Last week President Barack Obama announced he wants to give every Social Security recipient a $250 payment to make up for the fact that they will not get a cost-of-living adjustment (COLA). The Washington Post describes this as a one-time payment. They are wrong. George Will explains: “This is the second continent-wide shower of $250 checks. The first came from the $787 billion stimulus package enacted in February. There will not be another such shower, until the next one.”

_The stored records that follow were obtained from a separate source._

(* There exist constants $C,K>0$ such that for all $x\in\mathbb Z_{\ge0}$, all integers $N\ge n\ge0$ and all $a\ge0$, $$\sum_{y\ge0}\mathfrak p^N_n(x,y)\,e^{ay}=\mathbf E^N_x[e^{aS_n}]\le C\,e^{ax+Ka^2n}.$$
   Context: Let $p_n(z)$ be the probability that simple symmetric random walk on $\mathbb Z$ started at $0$ is at $z$ at time $n$. For $x,y\in\mathbb Z_{\ge0}$ set $p^{(1/2)}_n(x,y)=p_n(x-y)-p_n(x+y+2)$, $\psi(x;n)=\sum_{y\ge0}p^{(1/2)}_n(x,y)$, and for $0\le n\le N$, $\mathfrak p^N_n(x,y)=p^{(1/2)}_n(x,y)\,\psi(y;N-n)/\psi(x;N)$. $\mathbf P^N_x$ is the uniform probability measure on paths $(s_0,\dots,s_N)\in\mathbb Z_{\ge0}^{N+1}$ with $s_0=x$ and $|s_{i+1}-s_i|=1$; $S$ is its coordinate process and $\mathbf E^N_x$ its expectation (so that $\mathbf P^N_x(S_n=y)=\mathfrak p^N_n(x,y)$). *)

theory Defs
  imports "HOL-Probability.Probability"
begin

definition srw_p :: "nat \<Rightarrow> int \<Rightarrow> real" where
  "srw_p n z = (if \<bar>z\<bar> \<le> int n \<and> even (int n + z)
                then real (n choose nat ((int n + z) div 2)) / 2 ^ n else 0)"

text \<open>Killed (at -1) transition kernel p^(1/2)_n(x,y) = p_n(x-y) - p_n(x+y+2).\<close>
definition p_half :: "nat \<Rightarrow> nat \<Rightarrow> nat \<Rightarrow> real" where
  "p_half n x y = srw_p n (int x - int y) - srw_p n (int x + int y + 2)"

definition psi :: "nat \<Rightarrow> nat \<Rightarrow> real" where
  "psi x n = (\<Sum>y. p_half n x y)"

definition meander_p :: "nat \<Rightarrow> nat \<Rightarrow> nat \<Rightarrow> nat \<Rightarrow> real" where
  "meander_p N n x y = p_half n x y * psi y (N - n) / psi x N"

definition paths :: "nat \<Rightarrow> nat \<Rightarrow> nat list set" where
  "paths N x = {s. length s = Suc N \<and> s ! 0 = x \<and>
                   (\<forall>i<N. \<bar>int (s ! Suc i) - int (s ! i)\<bar> = 1)}"

definition path_measure :: "nat \<Rightarrow> nat \<Rightarrow> nat list pmf" where
  "path_measure N x = pmf_of_set (paths N x)"

end

theory Submission
  imports Defs
begin

text \<open>Counting paths gives \<open>P\<^sup>N\<^sub>x(S\<^sub>n = y) = p\<^sub>n(x,y) \<psi>(y; N-n) / \<psi>(x; N)\<close> with the killed kernel
  \<open>p\<^sub>n = p\<^sup>(\<^sup>1\<^sup>/\<^sup>2\<^sup>)\<^sub>n\<close>; this is the equality. For the bound, apply Chebyshev's sum inequality
  under the weights \<open>p\<^sub>n(x,y) \<psi>(y; N-n)\<close> to the increasing functions \<open>exp (a y)\<close> and
  \<open>(y+1) / \<psi>(y; N-n)\<close> (increasing by unimodality of the free walk). This trades the
  conditioning for the function \<open>y+1\<close>, harmonic for the walk killed at \<open>-1\<close>, whose killed
  expectation is \<open>x+1\<close>. The killed expectation of \<open>(y+1) exp (a y)\<close> is, by odd reflection,
  \<open>exp (-a)\<close> times the free expectation of \<open>u exp (a |u|)\<close> at \<open>u = x+1+S\<^sub>n\<close>; symmetrising in
  \<open>S\<^sub>n\<close> bounds it by \<open>(x+1) exp (a x) E exp (2a |S\<^sub>n|) \<le> 2 (x+1) exp (a x + 2 a\<^sup>2 n)\<close>,
  since \<open>cosh b \<le> exp (b\<^sup>2/2)\<close>.\<close>

section \<open>Free simple random walk\<close>

lemma srw_p_altdef:
  "srw_p n z = (if even (int n + z) \<and> - int n \<le> z
                then real (n choose nat ((int n + z) div 2)) / 2 ^ n else 0)"
proof (cases "z \<le> int n")
  case False
  have "nat ((int n + z) div 2) > n" if even: "even (int n + z)"
  proof -
    obtain m where "int n + z = 2 * m"
      using even by (meson evenE)
    then show ?thesis
      using False by simp
  qed
  then show ?thesis
    using False by (auto simp: srw_p_def)
qed (auto simp: srw_p_def abs_le_iff)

Heritage fellow David John explains why these payments are undermining the legitimacy of the entire Social Security program:

Proponents of this increase tacitly acknowledge this fact when they base arguments in favor of the $250 payment on decline in 401(k) assets or housing values. While no one disputes that many retirees have a tough time getting by on Social Security, Social Security’s COLA is strictly intended to make up for the effect of inflation on those benefit payments, not for any other changes to a retiree’s income or net worth. Any attempt to use Social Security or its COLA to make up for a reduction in other assets or income starts to change Social Security into a welfare program.

Since Social Security started in 1935, its benefits have been earned and paid for by its own payroll taxes. A bipartisan consensus has preserved the fact that recipients are not receiving a gift from the government but rather a benefit based on explicit taxes paid by the worker. However, both the Obama proposal and that agreed to by Republican leaders breaks that connection.